Довольно скоро после смерти Сталина в закрытые прежде наглухо железные ворота стали просачиваться первые западные визитеры. Появилась «Комеди Франсэз», потом ТИР с Жаном Виларом и Марией Казарес. Позвали «Берлинер Ансамбль» (вскоре после смерти Бертольта Брехта). Театры начали ставить Артура Миллера и Эдуардо Де Филиппо. В декабре 1955 году тридцатилетний Питер Брук вместе с Полом Скофилдом своим «Гамлетом» перевернули московский театральный мир. Вероятно, это было одно из главных впечатлений тех, кто потом будет определять нашу сцену на протяжении десятилетий.

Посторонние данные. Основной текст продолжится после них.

theorem mainTheorem10:
  fixes n :: nat and x p lam :: "nat \<Rightarrow> real" and i :: nat and Psi :: "real vec"
  assumes "n \<ge> 1"
    and "\<forall>a<n. \<forall>b<n. a \<noteq> b \<longrightarrow> x a \<noteq> x b"
    and "inj_on lam {..<n}"
    and "\<forall>j<n. eigenvalue (CM_Lax n x p) (lam j)"
    and "i < n"
    and "eigenvector (CM_Lax n x p) Psi (lam i)"
  shows "ones_vec n \<bullet> Psi \<noteq> 0 \<and>
    (vec n x \<bullet> (adj_mat (lam i \<cdot>\<^sub>m 1\<^sub>m n - CM_Lax n x p) *\<^sub>v ones_vec n))
      / (ones_vec n \<bullet> (adj_mat (lam i \<cdot>\<^sub>m 1\<^sub>m n - CM_Lax n x p) *\<^sub>v ones_vec n))
    = (vec n x \<bullet> Psi) / (ones_vec n \<bullet> Psi)"
proof -
  define L where "L = CM_Lax n x p"
  have L: "L \<in> carrier_mat n n" unfolding L_def CM_Lax_def by simp
  have Psi: "Psi \<in> carrier_vec n" "L *\<^sub>v Psi = lam i \<cdot>\<^sub>v Psi"
    using assms(6) L unfolding eigenvector_def L_def by auto
  have distinct: "distinct (map lam [0..<n])"
    using assms(3) by (simp add: distinct_map atLeast0LessThan)
  have cp: "char_poly L = (\<Prod>a\<leftarrow>map lam [0..<n]. [:-a, 1:])"
    using assms(4) by (intro char_poly_eq_linear_factors[OF L distinct]) (auto simp: L_def)
  obtain w where w: "w \<in> carrier_vec n" "transpose_mat L *\<^sub>v w = lam i \<cdot>\<^sub>v w" "w \<bullet> Psi \<noteq> 0"
    and adj: "\<And>z. z \<in> carrier_vec n \<Longrightarrow>
      adj_mat (lam i \<cdot>\<^sub>m 1\<^sub>m n - L) *\<^sub>v z = (w \<bullet> z) \<cdot>\<^sub>v Psi"
    using adj_mat_simple_eigenvalue[OF L cp distinct assms(6)[folded L_def]] by blast
  have "(w \<bullet> ones_vec n) * (ones_vec n \<bullet> Psi) = w \<bullet> Psi"
    using CM_Lax_eigenvector_pairing[OF assms(2) Psi(1) w(1)] Psi(2) w(2) unfolding L_def by blast
  with w(3) have "w \<bullet> ones_vec n \<noteq> 0" "ones_vec n \<bullet> Psi \<noteq> 0" by auto
  moreover have "ones_vec n \<in> carrier_vec n" unfolding ones_vec_def by simp
  ultimately show ?thesis
    using adj[of "ones_vec n"] Psi(1) unfolding L_def by simp
qed

end
lemma combined_form_not_dvd:
  assumes lin: "is_linear_factor p n rs"
    and t: "t \<in> PiE (phase_index (length rs) q) (\<lambda>_. {0..<int p})"
    and ks: "k < length rs" "s < 4" "t (0, k, s) \<noteq> 0"
  shows "\<not> (\<forall>i<4 * n. int p dvd blockvec n (combined_form rs t) i)"
proof
  assume dvd: "\<forall>i<4 * n. int p dvd blockvec n (combined_form rs t) i"
  have "(\<forall>k'\<in>{..<length rs}. 0 \<le> t (0, k', s) \<and> t (0, k', s) < int p)
      \<and> (\<forall>i<n. (\<Sum>k'\<in>{..<length rs}. t (0, k', s) * (rs ! k') i) mod int p = 0)"
  proof (intro conjI ballI allI impI)
    fix k' assume "k' \<in> {..<length rs}"
    then have "(0, k', s) \<in> phase_index (length rs) q"
      using ks by (simp add: phase_index_def)
    then show "0 \<le> t (0, k', s)" "t (0, k', s) < int p"
      using PiE_mem[OF t] by auto
  next
    fix i assume "i < n"
    then have "int p dvd blockvec n (combined_form rs t) (s * n + i)"
      using dvd ks(2) by (simp add: block_index_less)
    then show "(\<Sum>k'\<in>{..<length rs}. t (0, k', s) * (rs ! k') i) mod int p = 0"
      using \<open>i < n\<close> by (simp add: blockvec_def combined_form_def)
  qed
  moreover have "lin_indep_Fp p n {..<length rs} (\<lambda>k. rs ! k)"
    using lin by (simp add: is_linear_factor_def)
  ultimately have "\<forall>k'\<in>{..<length rs}. t (0, k', s) = 0"
    unfolding lin_indep_Fp_def by (rule mp[OF spec[of _ "\<lambda>k'. t (0, k', s)"], rotated])
  then show False using ks by simp
qed

lemma norm_sum_phases_le:
  assumes p: "prime p" "odd p" and lin: "is_linear_factor p n rs" and quad: "is_purely_quadratic_factor p n Ms"
    and t: "t \<in> PiE (phase_index (length rs) (length Ms)) (\<lambda>_. {0..<int p})"
    and nz: "\<exists>j\<in>phase_index (length rs) (length Ms). t j \<noteq> 0"
  shows "norm (\<Sum>y\<in>Fpn p (4 * n). ep p (\<Sum>j\<in>phase_index (length rs) (length Ms). t j * phase n rs Ms j y))
    \<le> real p powr (4 * real n - real (quad_rank p n Ms) / 2)"
proof (cases "\<exists>k<length Ms. \<exists>s<7. t (1, k, s) \<noteq> 0")
  case True
  have sym: "symmetric_mat (4 * n) (phase_matrix n Ms t)"
    using quad by (intro symmetric_phase_matrix) (simp add: is_purely_quadratic_factor_def)
  from True obtain k s where "k < length Ms" "s < 7" "t (1, k, s) \<noteq> 0" by blast
  then have "quad_rank p n Ms \<le> mat_rank p (4 * n) (\<lambda>i j. phase_matrix n Ms t i j mod int p)"
    by (rule quad_rank_le_phase_matrix[OF t])
  then have "real p powr (real (4 * n) - real (mat_rank p (4 * n) (\<lambda>i j. phase_matrix n Ms t i j mod int p)) / 2)
      \<le> real p powr (4 * real n - real (quad_rank p n Ms) / 2)"
    using prime_gt_1_nat[OF p(1)] by (intro powr_mono) auto
  then show ?thesis
    using quadratic_char_sum_norm_le[OF p sym, of "blockvec n (combined_form rs t)"]
    unfolding sum_phases_eq by linarith
next
  case False
  then obtain k s where "k < length rs" "s < 4" "t (0, k, s) \<noteq> 0"
    using nz by (auto simp: phase_index_def)
  then have "\<not> (\<forall>i<4 * n. int p dvd blockvec n (combined_form rs t) i)"
    using combined_form_not_dvd[OF lin t] by blast
  then have "(\<Sum>y\<in>Fpn p (4 * n). ep p (idot (4 * n) y (blockvec n (combined_form rs t)))) = 0"
    using prime_gt_0_nat[OF p(1)] by (simp add: sum_ep_idot)
  then show ?thesis
    using False by (simp add: sum_phases_eq bform_phase_matrix_eq_0)
qed
text \<open>Expansion of the shuffle product along the first argument: it lies either among the
  \<open>p\<close> arguments of \<open>\<phi>\<close> (the index set contains \<open>0\<close>) or among those of \<open>F\<close>.\<close>
lemma shuffle_ext_Cons:
  assumes \<phi>: "homogeneous p \<phi>" and F: "\<forall>v. homogeneous q (F v)" and Fz: "F 0 = (\<lambda>_. 0)"
  shows "shuffle_ext p q \<phi> F (x # xs) = shuffle_ext (p - 1) q (contract x \<phi>) F xs
           + isgn (int p) (shuffle_ext p (q - 1) \<phi> (\<lambda>v. contract x (F v)) xs)"
proof (cases "length (x # xs) = p + q")
  case True
  let ?P = "\<lambda>I. I \<subseteq> {..<p + q} \<and> card I = p" and ?S = "shuffle_term p \<phi> F (x # xs)"
  have fin: "finite {I. ?P I}" by (rule finite_subset[of _ "Pow {..<p + q}"]) auto
  have "{I. ?P I} \<inter> {I. 0 \<in> I} = {I. ?P I \<and> 0 \<in> I}" "{I. ?P I} - {I. 0 \<in> I} = {I. ?P I \<and> 0 \<notin> I}"
    by auto
  then have "sum ?S {I. ?P I} = sum ?S {I. ?P I \<and> 0 \<in> I} + sum ?S {I. ?P I \<and> 0 \<notin> I}"
    using sum.Int_Diff[OF fin, of ?S "{I. 0 \<in> I}"] by (simp only:)
  then show ?thesis
    using True sum_shuffle_term_with_0[where F = F, OF True \<phi> Fz] sum_shuffle_term_without_0[OF True F]
    by (simp add: shuffle_ext_eq_sum conj_assoc)
next
  case False
  then show ?thesis
    using shuffle_ext_contract_left_eq_0[where F = F, OF \<phi> Fz] shuffle_ext_contract_right_eq_0[OF F]
    by (simp add: shuffle_ext_def)
qed

definition add_subgroup :: "'a::ab_group_add set \<Rightarrow> bool" where
  "add_subgroup W \<longleftrightarrow> 0 \<in> W \<and> (\<forall>a\<in>W. \<forall>b\<in>W. a + b \<in> W \<and> a - b \<in> W \<and> - a \<in> W)"

definition additive_on :: "'a::ab_group_add set \<Rightarrow> ('a \<Rightarrow> 'g list \<Rightarrow> 'b::ab_group_add) \<Rightarrow> bool" where
  "additive_on W G \<longleftrightarrow> (\<forall>v\<in>W. \<forall>w\<in>W. G (v + w) = (\<lambda>ys. G v ys + G w ys))"

definition additive_action :: "('g \<Rightarrow> 'b \<Rightarrow> 'b::ab_group_add) \<Rightarrow> bool" where
  "additive_action act \<longleftrightarrow> (\<forall>x a b. act x (a + b) = act x a + act x b)"
(* Let $\mathbb O$ be a finite set of consecutive integers containing $0$, and let $\theta=0$. If $x(0)\in\mathbb O^n$ has no coordinate equal to $0$, then there exists a finite legal update sequence from $x(0)$ along which the system reaches, in finite time, either a consensus state $(z,\dots,z)$ with $z\neq 0$ or a non-consensus equilibrium.
   Context: Let $n\ge1$, $\mathcal V=\{1,\dots,n\}$, and let $W=(w_{ij})$ be an $n\times n$ row-stochastic matrix. For $x\in\mathbb O^n$, $i\in\mathcal V$, $z\in\mathbb O$, define $C^i_{\mathrm{social}}(z;x)=\sum_{j=1}^n w_{ij}|z-x_j|$ and $P_i(x)=\{z\in\mathbb O: C^i_{\mathrm{social}}(z;x)\le C^i_{\mathrm{social}}(x_i;x),\ |z-\theta|\le |x_i-\theta|\}$ (Pareto improvements between social cost and cognitive cost $|z-\theta|$). A legal update sequence from $x(0)$ is a finite sequence $(i_1,z_1),\dots,(i_T,z_T)$ with $i_t\in\mathcal V$, generating $x(1),\dots,x(T)$ where $x(t)$ is obtained from $x(t-1)$ by setting coordinate $i_t$ to $z_t$, such that $z_t\in P_{i_t}(x(t-1))$ for every $t$. An equilibrium is a state $x^*$ with $P_i(x^* )=\{x_i^*\}$ for all $i\in\mathcal V$; it is non-consensus if not all coordinates are equal. *)

theory Defs
  imports Complex_Main
begin

(* Agents are the elements of a finite type 'v (V = {1..n}, n = CARD('v) >= 1);
   states are functions 'v => int; opinion set Ops :: int set. *)

definition row_stochastic :: "('v::finite \<Rightarrow> 'v \<Rightarrow> real) \<Rightarrow> bool" where
  "row_stochastic W \<longleftrightarrow> (\<forall>i j. 0 \<le> W i j) \<and> (\<forall>i. (\<Sum>j\<in>UNIV. W i j) = 1)"

definition social_cost :: "('v::finite \<Rightarrow> 'v \<Rightarrow> real) \<Rightarrow> ('v \<Rightarrow> int) \<Rightarrow> 'v \<Rightarrow> int \<Rightarrow> real" where
  "social_cost W x i z = (\<Sum>j\<in>UNIV. W i j * real_of_int \<bar>z - x j\<bar>)"

definition pareto_set :: "int set \<Rightarrow> int \<Rightarrow> ('v::finite \<Rightarrow> 'v \<Rightarrow> real) \<Rightarrow> ('v \<Rightarrow> int) \<Rightarrow> 'v \<Rightarrow> int set" where
  "pareto_set Ops \<theta> W x i = {z \<in> Ops. social_cost W x i z \<le> social_cost W x i (x i) \<and> \<bar>z - \<theta>\<bar> \<le> \<bar>x i - \<theta>\<bar>}"

fun legal_seq :: "int set \<Rightarrow> int \<Rightarrow> ('v::finite \<Rightarrow> 'v \<Rightarrow> real) \<Rightarrow> ('v \<Rightarrow> int) \<Rightarrow> ('v \<times> int) list \<Rightarrow> bool" where
  "legal_seq Ops \<theta> W x [] = True"
| "legal_seq Ops \<theta> W x ((i, z) # rest) = (z \<in> pareto_set Ops \<theta> W x i \<and> legal_seq Ops \<theta> W (x(i := z)) rest)"

fun run_seq :: "('v \<Rightarrow> int) \<Rightarrow> ('v \<times> int) list \<Rightarrow> ('v \<Rightarrow> int)" where
  "run_seq x [] = x"
| "run_seq x ((i, z) # rest) = run_seq (x(i := z)) rest"
(* Let $\Omega\subseteq\mathbb R^n$ be open and bounded, $0<d<n$, $p=n/d$, $\frac1p+\frac1{p'}=1$, and let $K:\Omega\times\Omega\to[-\infty,\infty]$ be measurable with $K(x,y)=g\big(x,\frac{y-x}{|y-x|}\big)|x-y|^{d-n}+O(|x-y|^{d-n+\epsilon})$, where $g:\Omega\times S^{n-1}\to\mathbb R$ is bounded and measurable, $\epsilon>0$, and the $O$-term is bounded by $C''|x-y|^{d-n+\epsilon}$ uniformly in $x,y$. Let $A=\frac1n\sup_{x\in\Omega}\int_{S^{n-1}}|g(x,\omega)|^{p'}d\omega$. Then there is $\sigma>0$ such that for $s>0$ $$\sup_{x\in\Omega}\big|\{y\in\Omega:|K(x,y)|>s\}\big|\le As^{-p'}+O(s^{-p'-\sigma}),$$ with equality (i.e. $\sup_{x\in\Omega}|\{y\in\Omega:|K(x,y)|>s\}|=As^{-p'}+O(s^{-p'-\sigma})$) if the supremum defining $A$ is attained in $\Omega$. Moreover there is $C$ with $$\sup_{y\in\Omega}\big|\{x\in\Omega:|K(x,y)|>s\}\big|\le Cs^{-p'}.$$
   Context: $|E|$ denotes Lebesgue measure; $S^{n-1}$ is the unit sphere of $\mathbb R^n$ with surface measure $d\omega$. $O(s^{-p'-\sigma})$ denotes a quantity bounded in absolute value by $C's^{-p'-\sigma}$ with $C'$ independent of $s$. *)

theory Defs
  imports "HOL-Analysis.Analysis"
begin

text \<open>Surface measure on the unit sphere of an n-dimensional Euclidean space,
  defined as the cone measure: for E contained in the sphere,
  sigma(E) = n * |{t w : 0 < t <= 1, w in E}|.  This coincides with the
  standard surface (Hausdorff) measure.\<close>
definition sphere_measure :: "'a::euclidean_space measure" where
  "sphere_measure =
     scale_measure (of_nat DIM('a))
       (distr (restrict_space lborel (ball 0 1 - {0}))
              (restrict_space borel (sphere 0 1))
              (\<lambda>x. x /\<^sub>R norm x))"

end

theory Submission
  imports Defs "HOL-Real_Asymp.Real_Asymp"
begin

text \<open>Write q = n - d, so that p' = n/q, and r = |y - x|, \<omega> = (y - x)/r.  Since
  K(x,y) = g(x,\<omega>) r^{-q} + O(r^{-q+\<epsilon>}), for large s and \<delta> = C s^{-\<sigma>}, \<sigma> = \<epsilon>/(2q), the set
  {y. |K(x,y)| > s} lies in the star-shaped region about x of radius ((|g(x,\<omega>)| + \<delta>)/s)^{1/q},
  and contains the one of radius ((|g(x,\<omega>)| - \<delta>)/s)^{1/q} once the latter fits into \<Omega>.  In polar
  coordinates a star-shaped region of radius \<rho> has volume (1/n) \<integral> \<rho>^n over the sphere, and here
  \<rho>^n = s^{-p'} (|g| \<plusminus> \<delta>)^{p'}; as t^{p'} is Lipschitz on bounded sets, both volumes are
  A(x) s^{-p'} + O(s^{-p'-\<sigma>}).  For small s the volume of \<Omega> is itself O(s^{-p'-\<sigma>}).  For the
  estimate in x, |g| \<le> B and |y - x| \<le> D confine the superlevel set to a ball of radius
  ((B + C D^\<epsilon>)/s)^{1/q}.\<close>

section \<open>Polar coordinates\<close>

lemma ball_in_borel[measurable]: "ball (c::'a::euclidean_space) r \<in> sets borel"
  by simp

lemma nn_integral_power_tail:
  fixes a :: real and N :: nat
  assumes a: "0 < a" and N: "1 \<le> N"
  shows "(\<integral>\<^sup>+l. indicator {a<..} l * ennreal (real N * a ^ N / l ^ (N + 1)) \<partial>lborel) = 1"
proof -
  have "(\<integral>\<^sup>+l. ennreal (real N * a ^ N / l ^ (N + 1)) * indicator {a..} l \<partial>lborel)
        = ennreal (0 - (- (a ^ N / a ^ N)))"
  proof (rule nn_integral_FTC_atLeast[where F = "\<lambda>l. - (a ^ N / l ^ N)"])
    show "(\<lambda>l. real N * a ^ N / l ^ (N + 1)) \<in> borel_measurable borel" by measurable
    fix l assume "a \<le> l"
    then have l: "0 < l" using a by auto
    show "0 \<le> real N * a ^ N / l ^ (N + 1)" using l a by simp
    show "((\<lambda>l. - (a ^ N / l ^ N)) has_real_derivative real N * a ^ N / l ^ (N + 1)) (at l)"
      using l N by (auto intro!: derivative_eq_intros) (simp add: field_simps, cases N, simp_all add: field_simps)
  next
    show "((\<lambda>l. - (a ^ N / l ^ N)) \<longlongrightarrow> 0) at_top"
      using N by real_asymp
  qed
  also have "\<dots> = 1" using a by simp
  finally have tail: "(\<integral>\<^sup>+l. ennreal (real N * a ^ N / l ^ (N + 1)) * indicator {a..} l \<partial>lborel) = 1" .
  have "AE l in lborel. indicator {a<..} l * ennreal (real N * a ^ N / l ^ (N + 1))
      = ennreal (real N * a ^ N / l ^ (N + 1)) * indicator {a..} l"
    using AE_lborel_singleton[of a] by eventually_elim (auto simp: indicator_def)
  then show ?thesis unfolding tail[symmetric] by (rule nn_integral_cong_AE)
qed

lemma nn_integral_lborel_scale:
  fixes F :: "'a::euclidean_space \<Rightarrow> ennreal"
  assumes [measurable]: "F \<in> borel_measurable borel" and l: "0 < l"
  shows "(\<integral>\<^sup>+z. F z \<partial>lborel) = ennreal (l ^ DIM('a)) * (\<integral>\<^sup>+u. F (l *\<^sub>R u) \<partial>lborel)"
proof -
  have "(\<integral>\<^sup>+z. F z \<partial>lborel)
      = (\<integral>\<^sup>+z. F z \<partial>density (distr lborel borel (\<lambda>x. 0 + l *\<^sub>R x)) (\<lambda>_. \<bar>l\<bar> ^ DIM('a)))"
    using lborel_affine[of l "0::'a"] l by simp
  also have "\<dots> = ennreal (l ^ DIM('a)) * (\<integral>\<^sup>+u. F (l *\<^sub>R u) \<partial>lborel)"
    using l by (simp add: nn_integral_density nn_integral_distr nn_integral_cmult)
  finally show ?thesis .
qed

lemma nn_integral_lborel_translate:
  fixes F :: "'a::euclidean_space \<Rightarrow> ennreal"
  assumes [measurable]: "F \<in> borel_measurable borel"
  shows "(\<integral>\<^sup>+z. F z \<partial>lborel) = (\<integral>\<^sup>+z. F (c + z) \<partial>lborel)"
  by (subst lborel_distr_plus[symmetric, of c]) (simp add: nn_integral_distr)

lemma nn_integral_ray_rescale:
  fixes F :: "'a::euclidean_space \<Rightarrow> ennreal" and u :: 'a
  assumes [measurable]: "F \<in> borel_measurable borel" and u: "u \<noteq> 0"
  shows "(\<integral>\<^sup>+l. indicator {0<..} l * ennreal (l ^ k) * F (l *\<^sub>R u) \<partial>lborel)
     = ennreal (1 / norm u ^ (k + 1)) * (\<integral>\<^sup>+r. indicator {0<..} r * ennreal (r ^ k) * F (r *\<^sub>R sgn u) \<partial>lborel)"
proof -
  have nu: "norm u > 0" using u by simp
  have "(\<integral>\<^sup>+l. indicator {0<..} l * ennreal (l ^ k) * F (l *\<^sub>R u) \<partial>lborel)
     = ennreal \<bar>1 / norm u\<bar> * (\<integral>\<^sup>+r. indicator {0<..} (0 + (1 / norm u) * r) * ennreal ((0 + (1 / norm u) * r) ^ k)
          * F ((0 + (1 / norm u) * r) *\<^sub>R u) \<partial>lborel)"
    by (rule nn_integral_real_affine) (use nu in auto)
  also have "\<dots> = ennreal (1 / norm u) * (\<integral>\<^sup>+r. ennreal (1 / norm u ^ k) * (indicator {0<..} r * ennreal (r ^ k) * F (r *\<^sub>R sgn u)) \<partial>lborel)"
  proof -
    have "indicator {0<..} (0 + (1 / norm u) * r) * ennreal ((0 + (1 / norm u) * r) ^ k) * F ((0 + (1 / norm u) * r) *\<^sub>R u)
        = ennreal (1 / norm u ^ k) * (indicator {0<..} r * ennreal (r ^ k) * F (r *\<^sub>R sgn u))" for r
    proof (cases "r > 0")
      case True
      have "ennreal ((1 / norm u * r) ^ k) = ennreal (1 / norm u ^ k) * ennreal (r ^ k)"
        using True nu by (simp add: ennreal_mult[symmetric] power_mult_distrib power_divide)
      moreover have "(1 / norm u * r) *\<^sub>R u = r *\<^sub>R sgn u" by (simp add: sgn_div_norm divide_inverse)
      ultimately show ?thesis using True nu by (simp add: indicator_def mult_ac)
    next
      case False
      then have "\<not> 0 < r / norm u" using nu by (simp add: zero_less_divide_iff)
      then show ?thesis using nu False by (simp add: indicator_def)
    qed
    then show ?thesis using nu by simp
  qed
  also have "\<dots> = ennreal (1 / norm u) * ennreal (1 / norm u ^ k)
      * (\<integral>\<^sup>+r. indicator {0<..} r * ennreal (r ^ k) * F (r *\<^sub>R sgn u) \<partial>lborel)"
    by (subst nn_integral_cmult) (auto simp: mult_ac)
  also have "ennreal (1 / norm u) * ennreal (1 / norm u ^ k) = ennreal (1 / norm u ^ (k + 1))"
    using nu by (simp add: ennreal_mult[symmetric])
  finally show ?thesis .
qed

text \<open>For z \<noteq> 0 the weight n |z|^n / l^{n+1} on l > |z| has total mass 1; inserting it and
  integrating in z first turns the integral into one over rescaled unit balls.\<close>

lemma nn_integral_polar_slice:
  fixes F :: "'a::euclidean_space \<Rightarrow> ennreal"
  assumes [measurable]: "F \<in> borel_measurable borel" and l: "0 < l"
  shows "(\<integral>\<^sup>+z. F z * (if norm z < l then ennreal (real DIM('a) * norm z ^ DIM('a) / l ^ (DIM('a) + 1)) else 0) \<partial>lborel)
       = (\<integral>\<^sup>+u. indicator (ball 0 1) u * ennreal (real DIM('a) * norm u ^ DIM('a)) * ennreal (l ^ (DIM('a) - 1))
            * F (l *\<^sub>R u) \<partial>lborel)"
proof -
  define N where "N = DIM('a)"
  obtain m where m: "N = Suc m" by (metis DIM_positive N_def Suc_pred)
  define w where "w z = (if norm z < l then ennreal (real N * norm z ^ N / l ^ (N + 1)) else 0)" for z :: 'a
  have [measurable]: "(\<lambda>z. F z * w z) \<in> borel_measurable borel" unfolding w_def by measurable
  have "(\<integral>\<^sup>+z. F z * w z \<partial>lborel) = ennreal (l ^ N) * (\<integral>\<^sup>+u. F (l *\<^sub>R u) * w (l *\<^sub>R u) \<partial>lborel)"
    unfolding N_def by (rule nn_integral_lborel_scale) (use l in auto)
  also have "\<dots> = (\<integral>\<^sup>+u. ennreal (l ^ N) * (F (l *\<^sub>R u) * w (l *\<^sub>R u)) \<partial>lborel)"
    by (rule nn_integral_cmult[symmetric]) measurable
  also have "\<dots> = (\<integral>\<^sup>+u. indicator (ball 0 1) u * ennreal (real N * norm u ^ N) * ennreal (l ^ (N - 1)) * F (l *\<^sub>R u) \<partial>lborel)"
  proof (rule nn_integral_cong)
    fix u :: 'a
    have e: "l ^ N * (real N * (l * norm u) ^ N / l ^ (N + 1)) = real N * norm u ^ N * l ^ (N - 1)"
      using l unfolding m by (simp add: field_simps)
    show "ennreal (l ^ N) * (F (l *\<^sub>R u) * w (l *\<^sub>R u))
        = indicator (ball 0 1) u * ennreal (real N * norm u ^ N) * ennreal (l ^ (N - 1)) * F (l *\<^sub>R u)"
    proof (cases "norm u < 1")
      case True
      have "ennreal (l ^ N) * (F (l *\<^sub>R u) * w (l *\<^sub>R u))
          = F (l *\<^sub>R u) * (ennreal (l ^ N) * ennreal (real N * (l * norm u) ^ N / l ^ (N + 1)))"
        using l True by (simp add: w_def mult_ac)
      also have "\<dots> = F (l *\<^sub>R u) * ennreal (l ^ N * (real N * (l * norm u) ^ N / l ^ (N + 1)))"
        using l by (subst ennreal_mult) auto
      also have "\<dots> = F (l *\<^sub>R u) * (ennreal (real N * norm u ^ N) * ennreal (l ^ (N - 1)))"
        unfolding e using l by (subst ennreal_mult) auto
      finally show ?thesis using True by (simp add: indicator_def mult_ac)
    qed (use l in \<open>simp add: w_def indicator_def\<close>)
  qed
  finally show ?thesis unfolding w_def N_def .
qed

Приведу выдержки из рецензии Ю.Юзовского, «космополита», который именно в середине 50-х возвратился в живую критику и написал о спектакле Брука. В английском «Гамлете» его поражало свободное отношение к традиции, новое решение пространства, лишенного всякого «правдоподобия». Его удивляла свобода режиссера и актеров, их полное презрение к сценическим штампам — «вместо поющей Офелии с голубиными глазами и русалочьими волосами до пят эта страшненькая фурия, с всклокоченной коротко остриженной головой, в помятом черном платье, с резким голосом, словно нарочно бьющим по нервам — по нервам всех тех, кто жаждет здесь растрогаться»9. Московский критик пытался понять через первого европейского Гамлета, показанного в России, чем живет современная западная интеллигенция. Он уже многое чувствует, кое-что формулирует, но останавливается перед тем порогом, который отделяет не столько Юзовского от Брука, сколько советское сознание от сознания, так сказать, европейского. Юзовскому не нравится заявление Брука о том, что трагедия Гамлета в неосуществимости возложенной на него задачи. «Гамлет трагически ошибается, думая, что можно совершить убийство, внутренне не изменившись. Подлинный Гамлет знает, что запятнанным он не сможет жить» — так Юзовский пересказывает статью постановщика «Гамлета», напечатанную в буклете. В ответ на это блестящий и «запятнанный» критик, в глазах которого стоят свои примеры и свой нравственный опыт, выдавливает из себя: «Мда... Как бы тут подипломатичнее выразиться,— жидко, жидковато!»10. И начинает приводить примеры, призванные доказать, что «если враг не сдается, его уничтожают». Юзовский — видный советский «горьковед» — полагал горьковскую формулу11 универсальной и неопровержимой.